### Exercise goal
Go through the data below. Pull out every line that has the word "cmod".

Stored data
+++

lemma norm_recurrence_le:
  fixes \<alpha> :: "'a::real_normed_field"
  assumes "norm \<alpha> > 1" "B \<ge> 0" "\<And>j. x j = \<alpha> * x (Suc j) + e j" "\<And>i. i < j \<Longrightarrow> norm (e i) \<le> B"
  shows "norm \<alpha> ^ j * norm (x j) \<le> norm (x 0) + B * norm \<alpha> ^ j / (norm \<alpha> - 1)"
proof -
  have "x 0 = \<alpha> ^ j * x j + (\<Sum>i<j. e i * \<alpha> ^ i)"
    by (rule expansion_of_recurrence) (rule assms(3))
  then have "\<alpha> ^ j * x j = x 0 - (\<Sum>i<j. e i * \<alpha> ^ i)"
    by (simp add: algebra_simps)
  then have "norm \<alpha> ^ j * norm (x j) = norm (x 0 - (\<Sum>i<j. e i * \<alpha> ^ i))"
    by (simp flip: norm_mult norm_power)
  also have "\<dots> \<le> norm (x 0) + norm (\<Sum>i<j. e i * \<alpha> ^ i)"
    by (rule norm_triangle_ineq4)
  finally show ?thesis
    using norm_sum_digits_le[of \<alpha> B j e, OF assms(1,2,4)] by simp
qed

lemma abs_diff_log_le:
  assumes "1 < b" "0 < x" "b ^ k \<le> C * x" "x \<le> D * b ^ k"
  shows "\<bar>real k - log b x\<bar> \<le> \<bar>log b C\<bar> + \<bar>log b D\<bar>"
proof -
  have "0 < b ^ k"
    using assms(1) by simp
  then have "0 < C * x"
    using assms(3) by linarith
  then have "0 < C"
    using zero_less_mult_pos2 assms(2) by blast
  have "0 < D"
    using zero_less_mult_pos2[of D "b ^ k"] \<open>0 < b ^ k\<close> assms(2,4) by linarith
  have "real k = log b (b ^ k)"
    using assms(1) by (simp add: log_nat_power)
  also have "\<dots> \<le> log b (C * x)"
    using log_le_cancel_iff[of b "b ^ k" "C * x"] assms(1,3) \<open>0 < b ^ k\<close> \<open>0 < C * x\<close> by simp
  also have "\<dots> = log b C + log b x"
    using \<open>0 < C\<close> assms(2) by (simp add: log_mult)
  finally have "real k \<le> log b C + log b x" .
  moreover have "log b x \<le> log b (D * b ^ k)"
    using assms(1,2,4) by simp
  moreover have "log b (D * b ^ k) = log b D + real k"
    using \<open>0 < D\<close> assms(1) by (simp add: log_mult log_nat_power)
  ultimately show ?thesis
    by linarith
qed

lemma power_le_norm_of_injective_recurrence:
  fixes \<alpha> :: "'a::real_normed_field" and L :: "'a set" and B c :: real
  defines "S \<equiv> {w \<in> L. norm w \<le> 1 + B / (norm \<alpha> - 1)}"
  assumes "norm \<alpha> > 1" "B \<ge> 0" "finite S"
    and "0 < c" "c \<le> 1" and discrete: "\<And>w. w \<in> L \<Longrightarrow> w \<noteq> 0 \<Longrightarrow> c \<le> norm w"
    and recurrence: "\<And>j. x j = \<alpha> * x (Suc j) + e j" and digits: "\<And>j. j < k \<Longrightarrow> norm (e j) \<le> B"
    and in_L: "\<And>j. j \<le> k \<Longrightarrow> x j \<in> L" and inj: "inj_on x {..k}" and "x 0 \<noteq> 0"
  shows "norm \<alpha> ^ k \<le> norm \<alpha> ^ card S / c * norm (x 0)"
proof -
  define r where "r = norm \<alpha>"
  have "r > 1"
    using \<open>norm \<alpha> > 1\<close> by (simp add: r_def)
  have "c \<le> norm (x 0)"
    using discrete in_L \<open>x 0 \<noteq> 0\<close> by simp
  have small: "x j \<in> S" if "norm (x 0) \<le> r ^ i" "i \<le> j" "j \<le> k" for i j
  proof -
    have "r ^ j * norm (x j) \<le> norm (x 0) + B * r ^ j / (r - 1)"
      unfolding r_def
      by (rule norm_recurrence_le[of \<alpha> B x e, OF \<open>norm \<alpha> > 1\<close> \<open>B \<ge> 0\<close> recurrence])
        (use digits that in auto)
    also have "\<dots> \<le> r ^ j + B * r ^ j / (r - 1)"
      using that(1) power_increasing[OF that(2), of r] \<open>r > 1\<close> by linarith
    also have "\<dots> = r ^ j * (1 + B / (r - 1))"
      by (simp add: algebra_simps)
    finally have "norm (x j) \<le> 1 + B / (r - 1)"
      using \<open>r > 1\<close> by simp
    then show ?thesis
      using in_L that(3) unfolding S_def r_def by simp
  qed
  show ?thesis
  proof (cases "k < card S")
    case True
    then have "r ^ k \<le> r ^ card S * 1"
      using \<open>r > 1\<close> by (simp add: power_increasing)
    also have "\<dots> \<le> r ^ card S / c * norm (x 0)"
      using \<open>c \<le> norm (x 0)\<close> \<open>0 < c\<close> \<open>r > 1\<close> by (simp add: field_simps)
    finally show ?thesis
      unfolding r_def .
  next
    case False
    define i where "i = k - card S"
    have "r ^ i < norm (x 0)"
    proof (rule ccontr)
      assume "\<not> r ^ i < norm (x 0)"
      then have "x ` {i..k} \<subseteq> S"
        using small by force
      moreover have "inj_on x {i..k}"
        using inj by (rule inj_on_subset) auto
      ultimately have "card {i..k} \<le> card S"
        using card_inj_on_le \<open>finite S\<close> by blast
      then show False
        using False unfolding i_def by simp
    qed
    have "r ^ k = r ^ i * r ^ card S"
      using False by (simp add: i_def flip: power_add)
    also have "\<dots> < norm (x 0) * r ^ card S"
      using \<open>r ^ i < norm (x 0)\<close> \<open>r > 1\<close> by simp
    also have "\<dots> \<le> r ^ card S / c * norm (x 0)"
      using \<open>0 < c\<close> \<open>c \<le> 1\<close> \<open>r > 1\<close> by (simp add: field_simps mult_left_le_one_le)
    finally show ?thesis
      unfolding r_def by simp
  qed
qed

lemma integer_expansion_length_bound:
  fixes \<alpha> :: complex and a0 a1 a2 :: int
  defines "(r :: real) \<equiv> cmod \<alpha>"
    and "S \<equiv> {w \<in> Zlat (of_int a2 * \<alpha>). cmod w \<le> 1 + of_int \<bar>a0\<bar> / (cmod \<alpha> - 1)}"
    and "c \<equiv> min 1 \<bar>of_int a2 * Im \<alpha>\<bar>"
  assumes root: "of_int a2 * \<alpha>\<^sup>2 + of_int a1 * \<alpha> + of_int a0 = 0"
    and coprime: "gcd a0 (gcd a1 a2) = 1" and "a2 \<noteq> 0" "Im \<alpha> \<noteq> 0" "r > 1"
    and recurrence: "\<And>j. x j = \<alpha> * x (Suc j) + e j"
    and digits: "\<And>j. j \<le> k \<Longrightarrow> e j \<in> of_int ` digits a0"
    and "x (Suc k) = 0" "x 0 \<in> invZpoly \<alpha>" "x 0 \<noteq> 0" and inj: "inj_on x {..k}"
  shows "\<bar>real k - log r (cmod (x 0))\<bar>
    \<le> \<bar>log r (r ^ card S / c)\<bar> + \<bar>log r (of_int \<bar>a0\<bar> * r / (r - 1))\<bar>"
proof -
  define y where "y = of_int a2 * \<alpha>"
  have "\<alpha> \<noteq> 0" "Im y \<noteq> 0"
    using \<open>a2 \<noteq> 0\<close> \<open>Im \<alpha> \<noteq> 0\<close> \<open>r > 1\<close> by (auto simp: y_def r_def)
  have "c = min 1 \<bar>Im y\<bar>"
    by (simp add: c_def y_def)
  then have "0 < c" "c \<le> 1" "\<And>w. w \<in> Zlat y \<Longrightarrow> w \<noteq> 0 \<Longrightarrow> c \<le> cmod w"
    using \<open>Im y \<noteq> 0\<close> Zlat_norm_ge by auto
  have "finite S"
    unfolding S_def y_def[symmetric] using \<open>Im y \<noteq> 0\<close> by (rule finite_Zlat_norm_le)
  have digit_bound: "e j \<in> \<int> \<and> cmod (e j) \<le> \<bar>a0\<bar>" if "j \<le> k" for j
    using digits[OF that] by (auto simp: digits_def)
  have "x j \<in> Zlat y" if "j \<le> k" for j
    unfolding y_def
    by (rule Zlat_of_recurrence[where x = x and e = e, OF root \<open>\<alpha> \<noteq> 0\<close> coprime recurrence])
      (use digit_bound \<open>x (Suc k) = 0\<close> \<open>x 0 \<in> invZpoly \<alpha>\<close> that in auto)
  then have "r ^ k \<le> r ^ card S / c * cmod (x 0)"
    using power_le_norm_of_injective_recurrence[where x = x and e = e and L = "Zlat y",
        OF \<open>r > 1\<close>[unfolded r_def] _ \<open>finite S\<close>[unfolded S_def r_def y_def[symmetric]]
        \<open>0 < c\<close> \<open>c \<le> 1\<close> \<open>\<And>w. w \<in> Zlat y \<Longrightarrow> w \<noteq> 0 \<Longrightarrow> c \<le> cmod w\<close> recurrence]
      digit_bound inj \<open>x 0 \<noteq> 0\<close>
    by (simp add: S_def r_def y_def)
  moreover have "cmod (x 0) \<le> \<bar>a0\<bar> * r / (r - 1) * r ^ k"
  proof -
    have "x 0 = (\<Sum>j<Suc k. e j * \<alpha> ^ j)"
      using expansion_of_recurrence[of x \<alpha> e "Suc k", OF recurrence] \<open>x (Suc k) = 0\<close> by simp
    then show ?thesis
      using norm_sum_digits_le[of \<alpha> "\<bar>a0\<bar>" "Suc k" e] digit_bound \<open>r > 1\<close> by (simp add: r_def)
  qed
  ultimately show ?thesis
    using abs_diff_log_le \<open>r > 1\<close> \<open>x 0 \<noteq> 0\<close> by simp
qed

+++

### Exercise output
  defines "(r :: real) \<equiv> cmod \<alpha>"
    and "S \<equiv> {w \<in> Zlat (of_int a2 * \<alpha>). cmod w \<le> 1 + of_int \<bar>a0\<bar> / (cmod \<alpha> - 1)}"
  shows "\<bar>real k - log r (cmod (x 0))\<bar>
  then have "0 < c" "c \<le> 1" "\<And>w. w \<in> Zlat y \<Longrightarrow> w \<noteq> 0 \<Longrightarrow> c \<le> cmod w"
  have digit_bound: "e j \<in> \<int> \<and> cmod (e j) \<le> \<bar>a0\<bar>" if "j \<le> k" for j
  then have "r ^ k \<le> r ^ card S / c * cmod (x 0)"
        \<open>0 < c\<close> \<open>c \<le> 1\<close> \<open>\<And>w. w \<in> Zlat y \<Longrightarrow> w \<noteq> 0 \<Longrightarrow> c \<le> cmod w\<close> recurrence]
  moreover have "cmod (x 0) \<le> \<bar>a0\<bar> * r / (r - 1) * r ^ k"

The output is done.